• Exercise requirements:
Using the entries below, show all lines with the string "rule".
Supplied information START
(* A sequence $(k;a_1,\dots,a_n;b,\beta)$ of non-negative integers is the generalized inversion table of some $(N,E)\in\mathcal{N}_{n,1}$ if and only if: (i) $3\le k\le n$; (ii) $0\le a_i\le i-1$ for all $1\le i\le n$; (iii) $a_{k-1}<a_k$; (iv) $a_{k-1}+\beta<a_k+b\le k-2$. Moreover, in that case $(N,E)$ is unique.
   Context: An alternating sign matrix (ASM) of order $n$ is an $n\times n$ matrix $A=(a_{ij})$ with entries in $\{-1,0,1\}$ such that in every row and every column the nonzero entries alternate in sign, the first and the last nonzero entries being $1$. $\mathcal{A}_{n,1}$ denotes the set of order-$n$ ASMs having exactly one entry equal to $-1$. Let $A\in\mathcal{A}_{n,1}$. The opening column is the column containing the unique $-1$; the closing row is the row containing the $-1$; the opening row is the row of the $1$ of the opening column lying above the $-1$. The columns strictly to the left (resp. right) of the opening column form the left side (resp. right side). The closing row contains exactly two $1$'s, one in each side; the one in the right side is the closing $1$ and its column is the closing column. $A$ is neutral if the closing row is the row immediately below the opening row; $\mathcal{A}_{n,1}^{0}$ denotes the set of neutral elements of $\mathcal{A}_{n,1}$. For $N\in\mathcal{A}_{n,1}^{0}$: the leading $1$ is the highest $1$ in the left side strictly below the opening row; its column is the leading column; the leading cell consists of the entries strictly below the opening row and strictly between the leading column and the opening column, and $\ell(N)$ is the sum of its entries. The closing cell consists of the entries strictly below the closing row and strictly between the opening column and the closing column, and $c(N)$ is the sum of its entries. $\mathcal{N}_{n,1}=\{(N,E)\,:\,N\in\mathcal{A}_{n,1}^{0},\ E\in\mathbb{Z},\ -\ell(N)\le E\le c(N)\}$. Generalized inversion table: for $(N,E)\in\mathcal{N}_{n,1}$, let $n+1-k$ be the index of the opening row of $N$ (so the closing row is row $n+2-k$). For $1\le i\le n$, $a_i$ is the sum of the entries of $N$ lying strictly below row $n+1-i$ and strictly to the left of the unique $1$ of row $n+1-i$ (for $i=k-1$, i.e. the closing row, the leftmost $1$ of that row is used). Let $b=c(N)$ and $\beta=E+\ell(N)$. The generalized inversion table of $(N,E)$ is $(k;a_1,\dots,a_n;b,\beta)$. *)

theory Defs
  imports Main
begin
(* Let $\varphi:\Lambda\to\Gamma$ be a regular covering map of finite simplicial graphs, and let $u,u'$ be vertices of $\Lambda$ with $\mathrm{lk}(u)\subseteq\mathrm{st}(u')$ and $\varphi(u)=\varphi(u')$. If $u$ is not an isolated vertex, then $u=u'$. Otherwise, $u'$ is also an isolated vertex.
   Context: Graphs are finite simplicial graphs; $\mathrm{lk}(u)$ is the subgraph induced by the neighbours of $u$ and $\mathrm{st}(u)$ the subgraph induced by $\mathrm{lk}(u)\cup\{u\}$. A covering map $\varphi:\Lambda\to\Gamma$ is a surjective simplicial map mapping the neighbours of each vertex $u$ bijectively onto the neighbours of $\varphi(u)$; regular means the group of graph automorphisms $\mu$ of $\Lambda$ with $\varphi\mu=\varphi$ acts transitively on each fiber. *)

theory Defs
  imports Main
begin

type_synonym 'a graph = "'a set \<times> ('a \<Rightarrow> 'a \<Rightarrow> bool)"

definition verts :: "'a graph \<Rightarrow> 'a set" where "verts G = fst G"
definition adj :: "'a graph \<Rightarrow> 'a \<Rightarrow> 'a \<Rightarrow> bool" where "adj G = snd G"

definition fin_simple_graph :: "'a graph \<Rightarrow> bool" where
  "fin_simple_graph G \<longleftrightarrow> finite (verts G)
     \<and> (\<forall>x y. adj G x y \<longrightarrow> x \<in> verts G \<and> y \<in> verts G)
     \<and> (\<forall>x y. adj G x y \<longrightarrow> adj G y x)
     \<and> (\<forall>x. \<not> adj G x x)"

definition nbrs :: "'a graph \<Rightarrow> 'a \<Rightarrow> 'a set" where
  "nbrs G u = {v \<in> verts G. adj G u v}"

definition induced :: "'a graph \<Rightarrow> 'a set \<Rightarrow> 'a graph" where
  "induced G S = (S, \<lambda>x y. x \<in> S \<and> y \<in> S \<and> adj G x y)"

definition subgraph :: "'a graph \<Rightarrow> 'a graph \<Rightarrow> bool" where
  "subgraph H G \<longleftrightarrow> verts H \<subseteq> verts G \<and> (\<forall>x y. adj H x y \<longrightarrow> adj G x y)"

definition lk :: "'a graph \<Rightarrow> 'a \<Rightarrow> 'a graph" where
  "lk G u = induced G (nbrs G u)"

definition st :: "'a graph \<Rightarrow> 'a \<Rightarrow> 'a graph" where
  "st G u = induced G (insert u (nbrs G u))"

definition isolated :: "'a graph \<Rightarrow> 'a \<Rightarrow> bool" where
  "isolated G u \<longleftrightarrow> nbrs G u = {}"

definition simplicial_map :: "'b graph \<Rightarrow> 'a graph \<Rightarrow> ('b \<Rightarrow> 'a) \<Rightarrow> bool" where
  "simplicial_map L G f \<longleftrightarrow> (\<forall>x \<in> verts L. f x \<in> verts G)
     \<and> (\<forall>x y. adj L x y \<longrightarrow> adj G (f x) (f y) \<or> f x = f y)"

definition covering_map :: "'b graph \<Rightarrow> 'a graph \<Rightarrow> ('b \<Rightarrow> 'a) \<Rightarrow> bool" where
  "covering_map L G f \<longleftrightarrow> simplicial_map L G f \<and> f ` verts L = verts G
     \<and> (\<forall>u \<in> verts L. bij_betw f (nbrs L u) (nbrs G (f u)))"

definition graph_aut :: "'b graph \<Rightarrow> ('b \<Rightarrow> 'b) \<Rightarrow> bool" where
  "graph_aut L m \<longleftrightarrow> bij_betw m (verts L) (verts L)
     \<and> (\<forall>x \<in> verts L. \<forall>y \<in> verts L. adj L x y \<longleftrightarrow> adj L (m x) (m y))"

definition deck_group :: "'b graph \<Rightarrow> ('b \<Rightarrow> 'a) \<Rightarrow> ('b \<Rightarrow> 'b) set" where
  "deck_group L f = {m. graph_aut L m \<and> (\<forall>x \<in> verts L. f (m x) = f x)}"

definition regular_covering :: "'b graph \<Rightarrow> 'a graph \<Rightarrow> ('b \<Rightarrow> 'a) \<Rightarrow> bool" where
  "regular_covering L G f \<longleftrightarrow> covering_map L G f
     \<and> (\<forall>x \<in> verts L. \<forall>y \<in> verts L. f x = f y \<longrightarrow> (\<exists>m \<in> deck_group L f. m x = y))"

end

theory Submission
  imports Defs
begin

text \<open>A covering map is injective on the neighbourhood of every vertex and maps adjacent
vertices to adjacent, hence distinct, vertices. If \<open>u\<close> has a neighbour \<open>v\<close>, then \<open>v\<close> lies in
the star of \<open>u'\<close>: either \<open>v = u'\<close>, and \<open>u\<close>, \<open>u'\<close> are adjacent vertices of one fibre, or \<open>v\<close> is a
common neighbour of the two, and injectivity on the neighbours of \<open>v\<close> forces \<open>u = u'\<close>.
Isolatedness is read off the image, so it is constant on fibres.\<close>

lemma nbrs_subset_insert_nbrs_if_subgraph_lk_st:
  assumes "subgraph (lk L u) (st L u')"
  shows "nbrs L u \<subseteq> insert u' (nbrs L u')"
  using assms by (simp add: subgraph_def lk_def st_def induced_def verts_def)

lemma nbrs_sym:
  assumes "fin_simple_graph L" and "u \<in> verts L" and "v \<in> nbrs L u"
  shows "u \<in> nbrs L v"
  using assms by (auto simp: nbrs_def fin_simple_graph_def)

lemma covering_map_bij_betw_nbrs:
  assumes "covering_map L G f" and "x \<in> verts L"
  shows "bij_betw f (nbrs L x) (nbrs G (f x))"
  using assms by (simp add: covering_map_def)

lemma covering_map_adj_imp_fibre_neq:
  assumes "covering_map L G f" and "fin_simple_graph G"
    and "x \<in> verts L" and "y \<in> nbrs L x"
  shows "f x \<noteq> f y"
proof -
  have "f y \<in> nbrs G (f x)"
    using covering_map_bij_betw_nbrs[OF assms(1,3)] assms(4) by (rule bij_betw_apply)
  then show ?thesis
    using assms(2) by (auto simp: nbrs_def fin_simple_graph_def)
qed

lemma covering_map_common_nbr_fibre_eq:
  assumes "covering_map L G f" and "v \<in> verts L"
    and "x \<in> nbrs L v" and "y \<in> nbrs L v" and "f x = f y"
  shows "x = y"
  using covering_map_bij_betw_nbrs[OF assms(1,2)] assms(3-5)
  by (auto simp: bij_betw_def dest: inj_onD)

lemma covering_map_isolated_iff:
  assumes "covering_map L G f" and "x \<in> verts L"
  shows "isolated L x \<longleftrightarrow> nbrs G (f x) = {}"
  using covering_map_bij_betw_nbrs[OF assms] by (auto simp: isolated_def bij_betw_def)

lemma covering_map_isolated_fibre:
  assumes "covering_map L G f" and "x \<in> verts L" and "y \<in> verts L" and "f x = f y"
  shows "isolated L x \<longleftrightarrow> isolated L y"
  using assms by (simp add: covering_map_isolated_iff)

lemma covering_map_fibre_eq_if_nbrs_in_star:
  assumes "covering_map L G f" and "fin_simple_graph L" and "fin_simple_graph G"
    and "u \<in> verts L" and "u' \<in> verts L"
    and star: "nbrs L u \<subseteq> insert u' (nbrs L u')"
    and fibre: "f u = f u'" and "\<not> isolated L u"
  shows "u = u'"
proof -
  obtain v where v: "v \<in> nbrs L u"
    using \<open>\<not> isolated L u\<close> by (auto simp: isolated_def)
  have "v \<noteq> u'"
    using covering_map_adj_imp_fibre_neq[OF assms(1,3,4) v] fibre by blast
  then have "v \<in> nbrs L u'"
    using v star by blast
  moreover have "v \<in> verts L"
    using v by (simp add: nbrs_def)
  ultimately show "u = u'"
    using covering_map_common_nbr_fibre_eq[OF assms(1)] nbrs_sym[OF assms(2)] assms(4,5) v fibre
    by blast
qed

theorem lemma3p2:
  fixes L :: "'b graph" and G :: "'a graph" and f :: "'b \<Rightarrow> 'a" and u u' :: 'b
  assumes "fin_simple_graph L" and "fin_simple_graph G"
    and "regular_covering L G f"
    and "u \<in> verts L" and "u' \<in> verts L"
    and "subgraph (lk L u) (st L u')"
    and "f u = f u'"
  shows "(\<not> isolated L u \<longrightarrow> u = u') \<and> (isolated L u \<longrightarrow> isolated L u')"
proof -
  have cov: "covering_map L G f"
    using assms(3) by (simp add: regular_covering_def)
  have star: "nbrs L u \<subseteq> insert u' (nbrs L u')"
    using assms(6) by (rule nbrs_subset_insert_nbrs_if_subgraph_lk_st)
  show ?thesis
    using covering_map_fibre_eq_if_nbrs_in_star[OF cov assms(1,2,4,5) star assms(7)]
      covering_map_isolated_fibre[OF cov assms(4,5,7)]
    by blast
qed

end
Supplied information END
• Problem solution:
    using covering_map_bij_betw_nbrs[OF assms(1,3)] assms(4) by (rule bij_betw_apply)
    using assms(6) by (rule nbrs_subset_insert_nbrs_if_subgraph_lk_st)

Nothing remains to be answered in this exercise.